Dataset entries:
---*---

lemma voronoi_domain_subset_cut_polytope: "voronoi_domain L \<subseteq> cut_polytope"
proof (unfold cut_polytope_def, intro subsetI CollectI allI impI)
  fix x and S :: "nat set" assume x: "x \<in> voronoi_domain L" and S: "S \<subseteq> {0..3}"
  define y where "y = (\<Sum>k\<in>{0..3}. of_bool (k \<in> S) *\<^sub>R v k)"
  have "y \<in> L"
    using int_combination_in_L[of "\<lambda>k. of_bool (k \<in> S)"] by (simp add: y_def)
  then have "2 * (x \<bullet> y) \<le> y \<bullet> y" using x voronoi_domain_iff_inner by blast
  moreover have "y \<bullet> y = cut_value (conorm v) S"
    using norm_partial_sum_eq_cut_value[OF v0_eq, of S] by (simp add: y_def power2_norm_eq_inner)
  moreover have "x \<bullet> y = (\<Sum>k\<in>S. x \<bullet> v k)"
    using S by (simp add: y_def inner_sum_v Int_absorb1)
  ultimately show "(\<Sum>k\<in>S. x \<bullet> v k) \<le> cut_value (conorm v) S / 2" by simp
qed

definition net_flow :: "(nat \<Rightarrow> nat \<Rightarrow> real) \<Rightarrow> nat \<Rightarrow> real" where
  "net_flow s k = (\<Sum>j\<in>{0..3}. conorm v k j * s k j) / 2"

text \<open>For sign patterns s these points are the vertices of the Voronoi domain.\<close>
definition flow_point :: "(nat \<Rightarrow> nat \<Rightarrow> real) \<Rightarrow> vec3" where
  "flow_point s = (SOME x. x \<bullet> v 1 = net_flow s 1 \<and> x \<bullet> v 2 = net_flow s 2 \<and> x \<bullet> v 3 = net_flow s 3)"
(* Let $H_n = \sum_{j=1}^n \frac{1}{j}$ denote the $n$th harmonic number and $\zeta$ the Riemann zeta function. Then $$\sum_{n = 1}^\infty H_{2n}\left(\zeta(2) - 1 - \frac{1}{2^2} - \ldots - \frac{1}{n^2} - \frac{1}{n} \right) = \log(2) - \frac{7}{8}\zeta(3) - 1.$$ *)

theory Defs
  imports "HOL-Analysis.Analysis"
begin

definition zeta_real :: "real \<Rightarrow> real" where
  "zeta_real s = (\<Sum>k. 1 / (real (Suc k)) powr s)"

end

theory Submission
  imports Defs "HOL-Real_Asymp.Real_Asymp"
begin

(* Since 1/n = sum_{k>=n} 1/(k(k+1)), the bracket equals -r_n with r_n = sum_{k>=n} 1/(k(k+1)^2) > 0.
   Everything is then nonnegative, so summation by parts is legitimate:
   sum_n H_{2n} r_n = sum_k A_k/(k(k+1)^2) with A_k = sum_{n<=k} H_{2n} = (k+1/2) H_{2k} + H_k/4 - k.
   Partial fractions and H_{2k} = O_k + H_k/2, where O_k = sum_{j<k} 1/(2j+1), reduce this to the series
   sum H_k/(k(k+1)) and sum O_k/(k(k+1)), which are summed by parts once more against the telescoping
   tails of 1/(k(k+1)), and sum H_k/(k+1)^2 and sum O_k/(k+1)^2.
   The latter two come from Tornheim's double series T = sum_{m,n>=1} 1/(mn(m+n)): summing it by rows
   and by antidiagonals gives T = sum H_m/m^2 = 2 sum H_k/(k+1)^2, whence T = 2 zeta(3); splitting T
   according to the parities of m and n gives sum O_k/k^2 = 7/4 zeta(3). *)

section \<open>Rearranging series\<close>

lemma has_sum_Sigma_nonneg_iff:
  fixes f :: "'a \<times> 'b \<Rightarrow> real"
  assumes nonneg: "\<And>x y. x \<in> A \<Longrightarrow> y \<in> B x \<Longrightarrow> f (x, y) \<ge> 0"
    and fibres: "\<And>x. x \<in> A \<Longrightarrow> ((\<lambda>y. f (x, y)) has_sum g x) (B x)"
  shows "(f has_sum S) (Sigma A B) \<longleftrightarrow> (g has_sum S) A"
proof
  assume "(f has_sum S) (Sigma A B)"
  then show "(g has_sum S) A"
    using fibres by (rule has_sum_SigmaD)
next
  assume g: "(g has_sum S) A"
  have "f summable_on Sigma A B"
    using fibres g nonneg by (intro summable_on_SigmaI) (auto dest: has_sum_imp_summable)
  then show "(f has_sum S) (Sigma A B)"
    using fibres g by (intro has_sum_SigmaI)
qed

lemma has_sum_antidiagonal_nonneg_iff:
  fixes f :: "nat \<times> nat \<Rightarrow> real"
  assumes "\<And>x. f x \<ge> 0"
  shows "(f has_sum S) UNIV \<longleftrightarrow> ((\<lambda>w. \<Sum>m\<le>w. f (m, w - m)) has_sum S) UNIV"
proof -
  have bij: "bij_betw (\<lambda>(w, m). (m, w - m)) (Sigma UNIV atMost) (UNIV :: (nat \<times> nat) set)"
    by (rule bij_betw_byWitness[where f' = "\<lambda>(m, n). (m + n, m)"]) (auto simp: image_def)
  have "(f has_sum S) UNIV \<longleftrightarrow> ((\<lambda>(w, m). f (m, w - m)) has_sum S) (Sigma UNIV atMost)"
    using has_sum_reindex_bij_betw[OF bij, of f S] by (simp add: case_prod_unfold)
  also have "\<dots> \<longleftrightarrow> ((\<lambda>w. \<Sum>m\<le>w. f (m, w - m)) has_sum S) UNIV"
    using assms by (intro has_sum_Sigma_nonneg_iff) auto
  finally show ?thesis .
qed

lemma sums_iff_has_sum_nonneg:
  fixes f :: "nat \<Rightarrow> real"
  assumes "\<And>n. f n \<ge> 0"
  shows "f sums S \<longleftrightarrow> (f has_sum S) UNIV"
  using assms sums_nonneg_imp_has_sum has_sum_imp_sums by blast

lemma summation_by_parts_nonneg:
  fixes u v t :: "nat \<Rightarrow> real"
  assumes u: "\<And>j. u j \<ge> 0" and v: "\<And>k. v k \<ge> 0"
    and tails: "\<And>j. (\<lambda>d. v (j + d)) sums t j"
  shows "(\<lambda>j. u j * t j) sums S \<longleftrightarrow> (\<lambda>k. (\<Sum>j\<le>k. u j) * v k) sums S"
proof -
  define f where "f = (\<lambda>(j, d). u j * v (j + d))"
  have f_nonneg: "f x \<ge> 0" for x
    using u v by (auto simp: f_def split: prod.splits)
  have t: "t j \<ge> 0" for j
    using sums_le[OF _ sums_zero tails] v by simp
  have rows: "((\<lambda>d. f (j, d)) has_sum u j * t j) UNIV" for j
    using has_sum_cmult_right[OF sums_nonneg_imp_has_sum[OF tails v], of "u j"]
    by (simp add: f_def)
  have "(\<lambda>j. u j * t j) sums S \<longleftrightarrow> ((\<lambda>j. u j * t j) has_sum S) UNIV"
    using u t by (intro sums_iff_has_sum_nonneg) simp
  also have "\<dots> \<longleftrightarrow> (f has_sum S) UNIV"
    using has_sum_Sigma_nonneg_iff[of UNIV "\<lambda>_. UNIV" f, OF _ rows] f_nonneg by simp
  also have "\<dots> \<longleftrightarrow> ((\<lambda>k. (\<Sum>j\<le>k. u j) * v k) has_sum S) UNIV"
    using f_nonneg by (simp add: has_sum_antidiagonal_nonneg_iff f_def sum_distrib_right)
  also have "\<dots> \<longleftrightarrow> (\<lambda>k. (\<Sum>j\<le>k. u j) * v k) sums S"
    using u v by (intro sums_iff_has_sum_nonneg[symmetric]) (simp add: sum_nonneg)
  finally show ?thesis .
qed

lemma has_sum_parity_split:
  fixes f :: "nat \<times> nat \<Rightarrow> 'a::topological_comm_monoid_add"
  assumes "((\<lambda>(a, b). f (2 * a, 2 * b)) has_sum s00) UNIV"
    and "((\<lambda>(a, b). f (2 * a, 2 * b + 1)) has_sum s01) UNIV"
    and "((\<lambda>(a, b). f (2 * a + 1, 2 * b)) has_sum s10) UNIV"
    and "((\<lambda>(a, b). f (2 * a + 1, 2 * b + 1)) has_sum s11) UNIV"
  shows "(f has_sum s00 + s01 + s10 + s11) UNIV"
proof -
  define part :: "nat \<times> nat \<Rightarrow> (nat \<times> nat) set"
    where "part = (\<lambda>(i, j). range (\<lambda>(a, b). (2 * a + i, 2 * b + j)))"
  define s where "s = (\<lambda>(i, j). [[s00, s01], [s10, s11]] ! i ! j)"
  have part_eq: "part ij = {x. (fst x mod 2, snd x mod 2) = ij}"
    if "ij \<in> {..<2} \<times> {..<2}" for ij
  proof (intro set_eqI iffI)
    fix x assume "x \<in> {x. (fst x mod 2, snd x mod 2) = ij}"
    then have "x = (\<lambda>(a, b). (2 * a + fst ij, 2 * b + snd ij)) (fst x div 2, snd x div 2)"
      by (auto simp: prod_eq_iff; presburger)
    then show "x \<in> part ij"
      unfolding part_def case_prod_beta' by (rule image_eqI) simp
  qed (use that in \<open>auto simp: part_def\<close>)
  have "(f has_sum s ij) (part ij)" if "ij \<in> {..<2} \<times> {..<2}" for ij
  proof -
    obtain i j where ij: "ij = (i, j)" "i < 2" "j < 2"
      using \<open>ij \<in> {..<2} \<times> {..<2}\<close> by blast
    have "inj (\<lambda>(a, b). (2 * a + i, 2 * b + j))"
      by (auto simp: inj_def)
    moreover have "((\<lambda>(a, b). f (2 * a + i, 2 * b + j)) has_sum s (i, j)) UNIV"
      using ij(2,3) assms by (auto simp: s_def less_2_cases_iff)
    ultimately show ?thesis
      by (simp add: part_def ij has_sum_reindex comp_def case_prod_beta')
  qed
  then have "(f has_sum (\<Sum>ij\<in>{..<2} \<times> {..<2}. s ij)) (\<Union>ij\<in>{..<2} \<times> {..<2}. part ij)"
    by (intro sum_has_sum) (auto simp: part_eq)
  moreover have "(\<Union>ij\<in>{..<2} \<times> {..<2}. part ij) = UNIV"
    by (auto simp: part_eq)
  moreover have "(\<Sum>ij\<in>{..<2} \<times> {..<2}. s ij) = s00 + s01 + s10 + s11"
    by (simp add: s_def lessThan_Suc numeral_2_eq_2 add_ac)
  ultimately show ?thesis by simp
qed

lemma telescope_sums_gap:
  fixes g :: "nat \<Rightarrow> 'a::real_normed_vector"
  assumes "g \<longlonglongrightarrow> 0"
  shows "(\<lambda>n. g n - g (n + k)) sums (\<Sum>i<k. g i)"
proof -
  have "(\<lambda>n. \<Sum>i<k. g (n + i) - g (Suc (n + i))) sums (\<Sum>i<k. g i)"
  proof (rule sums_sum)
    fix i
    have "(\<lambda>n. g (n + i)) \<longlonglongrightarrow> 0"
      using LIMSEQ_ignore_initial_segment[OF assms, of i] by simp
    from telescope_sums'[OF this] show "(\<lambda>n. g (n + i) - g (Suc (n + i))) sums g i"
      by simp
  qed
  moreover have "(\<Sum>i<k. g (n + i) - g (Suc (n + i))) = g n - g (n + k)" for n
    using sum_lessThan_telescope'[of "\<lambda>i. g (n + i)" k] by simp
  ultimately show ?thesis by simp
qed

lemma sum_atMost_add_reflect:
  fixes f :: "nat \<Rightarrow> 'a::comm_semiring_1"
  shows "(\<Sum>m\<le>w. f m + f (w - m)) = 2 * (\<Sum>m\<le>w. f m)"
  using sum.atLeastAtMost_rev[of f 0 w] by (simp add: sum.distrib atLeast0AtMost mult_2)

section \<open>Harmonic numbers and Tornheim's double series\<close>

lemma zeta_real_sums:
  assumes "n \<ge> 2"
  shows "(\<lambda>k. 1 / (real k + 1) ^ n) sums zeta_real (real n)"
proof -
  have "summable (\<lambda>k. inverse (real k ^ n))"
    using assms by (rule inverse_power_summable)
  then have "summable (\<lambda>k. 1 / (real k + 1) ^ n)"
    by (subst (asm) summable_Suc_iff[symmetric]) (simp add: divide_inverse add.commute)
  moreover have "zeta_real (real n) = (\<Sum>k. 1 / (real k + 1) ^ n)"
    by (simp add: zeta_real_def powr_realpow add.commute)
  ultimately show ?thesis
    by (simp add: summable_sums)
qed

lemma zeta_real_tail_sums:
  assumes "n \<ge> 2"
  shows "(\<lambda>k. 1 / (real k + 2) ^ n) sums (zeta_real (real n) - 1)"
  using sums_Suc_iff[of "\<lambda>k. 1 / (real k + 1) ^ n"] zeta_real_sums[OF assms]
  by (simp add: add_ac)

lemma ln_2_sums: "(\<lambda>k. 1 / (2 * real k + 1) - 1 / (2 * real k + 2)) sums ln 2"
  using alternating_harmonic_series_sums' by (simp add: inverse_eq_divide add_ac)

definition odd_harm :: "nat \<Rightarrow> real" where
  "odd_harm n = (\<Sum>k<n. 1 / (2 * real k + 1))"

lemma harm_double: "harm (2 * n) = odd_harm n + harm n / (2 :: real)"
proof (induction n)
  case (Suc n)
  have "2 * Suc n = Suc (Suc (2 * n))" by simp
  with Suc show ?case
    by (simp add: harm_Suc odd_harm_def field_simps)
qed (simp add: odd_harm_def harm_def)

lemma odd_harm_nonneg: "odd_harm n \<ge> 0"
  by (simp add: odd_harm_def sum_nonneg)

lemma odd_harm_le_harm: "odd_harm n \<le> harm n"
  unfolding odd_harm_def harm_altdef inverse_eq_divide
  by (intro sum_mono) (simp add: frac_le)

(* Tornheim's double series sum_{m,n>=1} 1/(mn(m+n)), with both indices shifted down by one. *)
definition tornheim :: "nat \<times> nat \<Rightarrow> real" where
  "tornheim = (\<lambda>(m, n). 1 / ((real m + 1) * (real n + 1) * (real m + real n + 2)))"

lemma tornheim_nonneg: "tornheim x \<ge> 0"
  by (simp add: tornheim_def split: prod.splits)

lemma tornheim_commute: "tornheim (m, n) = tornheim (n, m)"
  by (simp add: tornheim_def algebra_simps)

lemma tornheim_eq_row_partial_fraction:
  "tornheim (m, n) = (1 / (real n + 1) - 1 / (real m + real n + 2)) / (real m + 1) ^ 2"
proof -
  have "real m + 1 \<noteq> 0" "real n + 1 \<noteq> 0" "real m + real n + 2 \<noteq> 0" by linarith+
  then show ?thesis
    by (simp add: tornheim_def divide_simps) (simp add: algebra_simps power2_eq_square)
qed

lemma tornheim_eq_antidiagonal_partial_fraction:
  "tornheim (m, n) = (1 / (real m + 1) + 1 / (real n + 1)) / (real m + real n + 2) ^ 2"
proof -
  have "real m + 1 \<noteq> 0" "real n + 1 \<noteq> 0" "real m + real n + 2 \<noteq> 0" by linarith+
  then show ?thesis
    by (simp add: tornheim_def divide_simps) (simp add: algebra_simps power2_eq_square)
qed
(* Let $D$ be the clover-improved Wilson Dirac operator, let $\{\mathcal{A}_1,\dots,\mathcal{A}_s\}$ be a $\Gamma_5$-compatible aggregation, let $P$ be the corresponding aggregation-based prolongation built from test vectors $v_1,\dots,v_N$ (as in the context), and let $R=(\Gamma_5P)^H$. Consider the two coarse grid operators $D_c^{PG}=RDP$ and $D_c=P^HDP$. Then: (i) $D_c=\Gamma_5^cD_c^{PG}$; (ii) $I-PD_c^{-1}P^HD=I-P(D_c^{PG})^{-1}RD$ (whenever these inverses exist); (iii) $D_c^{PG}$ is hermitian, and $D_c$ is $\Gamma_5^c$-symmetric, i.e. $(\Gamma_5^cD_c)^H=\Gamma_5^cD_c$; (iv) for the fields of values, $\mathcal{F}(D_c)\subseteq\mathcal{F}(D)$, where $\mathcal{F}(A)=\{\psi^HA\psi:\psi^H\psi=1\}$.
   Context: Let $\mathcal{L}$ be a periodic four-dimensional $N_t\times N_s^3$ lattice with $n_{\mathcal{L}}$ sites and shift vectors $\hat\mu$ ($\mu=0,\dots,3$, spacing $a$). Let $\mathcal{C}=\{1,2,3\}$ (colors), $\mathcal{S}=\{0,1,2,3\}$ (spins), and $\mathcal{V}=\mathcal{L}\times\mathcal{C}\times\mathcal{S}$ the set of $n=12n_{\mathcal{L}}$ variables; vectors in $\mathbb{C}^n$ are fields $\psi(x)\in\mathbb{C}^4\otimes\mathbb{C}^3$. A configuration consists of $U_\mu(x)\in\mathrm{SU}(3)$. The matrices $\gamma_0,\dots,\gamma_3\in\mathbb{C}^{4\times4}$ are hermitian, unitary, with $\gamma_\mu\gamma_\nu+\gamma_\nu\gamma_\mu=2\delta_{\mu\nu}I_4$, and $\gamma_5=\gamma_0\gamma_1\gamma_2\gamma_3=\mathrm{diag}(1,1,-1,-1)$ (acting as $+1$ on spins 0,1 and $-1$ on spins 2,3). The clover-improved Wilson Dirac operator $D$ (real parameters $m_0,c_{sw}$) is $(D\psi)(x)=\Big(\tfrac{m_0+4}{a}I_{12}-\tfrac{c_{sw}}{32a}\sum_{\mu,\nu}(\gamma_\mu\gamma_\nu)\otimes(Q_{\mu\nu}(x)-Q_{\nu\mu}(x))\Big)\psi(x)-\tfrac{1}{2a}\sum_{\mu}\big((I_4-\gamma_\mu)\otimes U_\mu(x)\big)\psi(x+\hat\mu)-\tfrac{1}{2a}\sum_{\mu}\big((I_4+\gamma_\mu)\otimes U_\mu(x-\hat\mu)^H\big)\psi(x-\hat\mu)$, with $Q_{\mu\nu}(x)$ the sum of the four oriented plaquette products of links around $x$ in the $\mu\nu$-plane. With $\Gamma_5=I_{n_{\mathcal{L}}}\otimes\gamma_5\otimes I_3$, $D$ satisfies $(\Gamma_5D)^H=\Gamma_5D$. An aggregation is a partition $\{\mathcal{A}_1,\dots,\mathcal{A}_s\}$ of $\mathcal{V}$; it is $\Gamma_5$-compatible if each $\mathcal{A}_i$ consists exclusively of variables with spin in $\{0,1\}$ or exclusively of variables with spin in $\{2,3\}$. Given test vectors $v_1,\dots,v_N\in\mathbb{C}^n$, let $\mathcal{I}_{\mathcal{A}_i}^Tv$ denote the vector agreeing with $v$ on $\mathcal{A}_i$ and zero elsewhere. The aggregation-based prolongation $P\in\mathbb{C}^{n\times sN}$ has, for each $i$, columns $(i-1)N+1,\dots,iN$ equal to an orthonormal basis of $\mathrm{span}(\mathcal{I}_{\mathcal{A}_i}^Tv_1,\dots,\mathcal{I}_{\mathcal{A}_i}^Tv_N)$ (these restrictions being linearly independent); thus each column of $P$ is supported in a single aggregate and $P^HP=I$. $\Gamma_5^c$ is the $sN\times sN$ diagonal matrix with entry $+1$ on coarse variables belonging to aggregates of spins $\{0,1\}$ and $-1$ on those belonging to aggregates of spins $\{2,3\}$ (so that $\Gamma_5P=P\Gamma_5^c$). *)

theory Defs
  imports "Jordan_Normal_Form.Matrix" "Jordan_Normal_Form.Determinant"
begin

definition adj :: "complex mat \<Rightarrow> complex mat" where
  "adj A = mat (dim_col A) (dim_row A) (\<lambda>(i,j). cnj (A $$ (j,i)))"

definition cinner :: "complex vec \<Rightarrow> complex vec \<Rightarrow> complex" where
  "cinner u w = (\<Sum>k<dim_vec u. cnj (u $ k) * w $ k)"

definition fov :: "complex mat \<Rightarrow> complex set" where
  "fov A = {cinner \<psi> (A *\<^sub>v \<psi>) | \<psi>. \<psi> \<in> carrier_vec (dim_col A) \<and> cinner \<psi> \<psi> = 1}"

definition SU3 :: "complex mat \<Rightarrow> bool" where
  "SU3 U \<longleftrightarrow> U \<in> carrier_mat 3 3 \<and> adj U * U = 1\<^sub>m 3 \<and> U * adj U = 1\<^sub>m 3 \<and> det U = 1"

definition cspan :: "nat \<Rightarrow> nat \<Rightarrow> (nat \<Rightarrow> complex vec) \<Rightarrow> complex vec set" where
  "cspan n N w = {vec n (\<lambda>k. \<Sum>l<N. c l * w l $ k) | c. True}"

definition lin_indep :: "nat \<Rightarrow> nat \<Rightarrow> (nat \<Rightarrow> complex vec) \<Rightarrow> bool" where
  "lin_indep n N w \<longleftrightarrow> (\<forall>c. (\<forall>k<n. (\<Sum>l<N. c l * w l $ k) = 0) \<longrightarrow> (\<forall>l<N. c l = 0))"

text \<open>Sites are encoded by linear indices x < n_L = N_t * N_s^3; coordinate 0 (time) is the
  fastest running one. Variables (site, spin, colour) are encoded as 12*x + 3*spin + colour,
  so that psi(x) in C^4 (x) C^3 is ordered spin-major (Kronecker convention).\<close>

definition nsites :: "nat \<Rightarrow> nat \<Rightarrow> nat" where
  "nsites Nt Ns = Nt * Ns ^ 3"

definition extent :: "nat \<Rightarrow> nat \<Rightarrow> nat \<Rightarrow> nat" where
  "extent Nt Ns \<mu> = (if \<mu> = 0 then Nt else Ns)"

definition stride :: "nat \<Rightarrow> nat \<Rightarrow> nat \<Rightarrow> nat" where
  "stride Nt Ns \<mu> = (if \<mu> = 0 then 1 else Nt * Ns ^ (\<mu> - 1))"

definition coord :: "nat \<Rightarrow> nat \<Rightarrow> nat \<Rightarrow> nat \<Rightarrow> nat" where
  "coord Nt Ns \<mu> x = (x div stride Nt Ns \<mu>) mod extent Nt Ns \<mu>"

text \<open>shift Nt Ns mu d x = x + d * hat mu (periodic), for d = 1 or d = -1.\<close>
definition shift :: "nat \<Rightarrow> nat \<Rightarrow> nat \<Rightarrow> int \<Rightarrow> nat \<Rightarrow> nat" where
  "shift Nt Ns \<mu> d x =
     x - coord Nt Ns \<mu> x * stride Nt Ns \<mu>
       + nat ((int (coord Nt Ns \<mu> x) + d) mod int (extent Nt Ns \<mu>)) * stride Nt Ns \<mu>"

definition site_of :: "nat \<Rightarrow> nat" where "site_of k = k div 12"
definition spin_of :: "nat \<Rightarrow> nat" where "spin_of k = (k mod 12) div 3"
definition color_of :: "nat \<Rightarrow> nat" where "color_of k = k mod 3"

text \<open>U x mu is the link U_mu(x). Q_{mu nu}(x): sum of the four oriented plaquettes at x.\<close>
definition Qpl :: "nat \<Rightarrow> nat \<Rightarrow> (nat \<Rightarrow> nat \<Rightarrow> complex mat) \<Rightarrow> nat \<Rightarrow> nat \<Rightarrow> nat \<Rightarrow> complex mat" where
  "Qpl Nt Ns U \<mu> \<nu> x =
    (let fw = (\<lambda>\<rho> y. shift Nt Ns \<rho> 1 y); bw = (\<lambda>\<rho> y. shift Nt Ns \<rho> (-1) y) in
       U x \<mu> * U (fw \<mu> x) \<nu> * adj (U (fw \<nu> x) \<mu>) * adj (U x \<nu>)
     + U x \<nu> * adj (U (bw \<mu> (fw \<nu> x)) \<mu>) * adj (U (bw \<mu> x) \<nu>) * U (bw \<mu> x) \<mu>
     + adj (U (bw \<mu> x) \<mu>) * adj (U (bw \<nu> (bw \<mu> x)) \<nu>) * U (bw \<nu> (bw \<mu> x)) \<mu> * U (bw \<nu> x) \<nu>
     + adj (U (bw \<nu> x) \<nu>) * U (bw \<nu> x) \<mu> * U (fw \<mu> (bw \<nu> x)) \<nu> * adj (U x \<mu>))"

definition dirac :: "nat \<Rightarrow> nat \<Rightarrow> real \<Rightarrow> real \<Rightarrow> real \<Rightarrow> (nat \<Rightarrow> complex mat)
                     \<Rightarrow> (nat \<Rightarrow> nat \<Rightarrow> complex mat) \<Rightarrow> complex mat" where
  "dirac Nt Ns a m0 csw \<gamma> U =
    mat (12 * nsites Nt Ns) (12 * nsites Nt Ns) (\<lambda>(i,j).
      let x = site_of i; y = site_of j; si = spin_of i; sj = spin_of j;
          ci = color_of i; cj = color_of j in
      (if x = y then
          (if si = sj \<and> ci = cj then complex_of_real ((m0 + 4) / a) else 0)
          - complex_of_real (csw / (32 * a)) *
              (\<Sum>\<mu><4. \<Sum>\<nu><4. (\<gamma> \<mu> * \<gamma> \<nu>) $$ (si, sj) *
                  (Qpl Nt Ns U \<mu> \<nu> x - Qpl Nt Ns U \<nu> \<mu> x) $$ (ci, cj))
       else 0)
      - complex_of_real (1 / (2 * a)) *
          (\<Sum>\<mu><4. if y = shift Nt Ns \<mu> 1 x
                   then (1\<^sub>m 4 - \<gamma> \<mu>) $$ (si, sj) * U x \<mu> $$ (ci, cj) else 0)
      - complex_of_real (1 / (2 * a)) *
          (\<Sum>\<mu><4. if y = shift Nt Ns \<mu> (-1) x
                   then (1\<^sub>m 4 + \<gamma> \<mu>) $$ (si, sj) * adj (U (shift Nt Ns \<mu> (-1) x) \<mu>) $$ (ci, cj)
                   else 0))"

---*---

What to work on:
Write out, from the lines above, only those from the line with "(nat \<Rightarrow> complex mat)" to the line with "- complex_of_real (csw", exactly as given, including the first and the last.

Answer box:
definition dirac :: "nat \<Rightarrow> nat \<Rightarrow> real \<Rightarrow> real \<Rightarrow> real \<Rightarrow> (nat \<Rightarrow> complex mat)
                     \<Rightarrow> (nat \<Rightarrow> nat \<Rightarrow> complex mat) \<Rightarrow> complex mat" where
  "dirac Nt Ns a m0 csw \<gamma> U =
    mat (12 * nsites Nt Ns) (12 * nsites Nt Ns) (\<lambda>(i,j).
      let x = site_of i; y = site_of j; si = spin_of i; sj = spin_of j;
          ci = color_of i; cj = color_of j in
      (if x = y then
          (if si = sj \<and> ci = cj then complex_of_real ((m0 + 4) / a) else 0)
          - complex_of_real (csw / (32 * a)) *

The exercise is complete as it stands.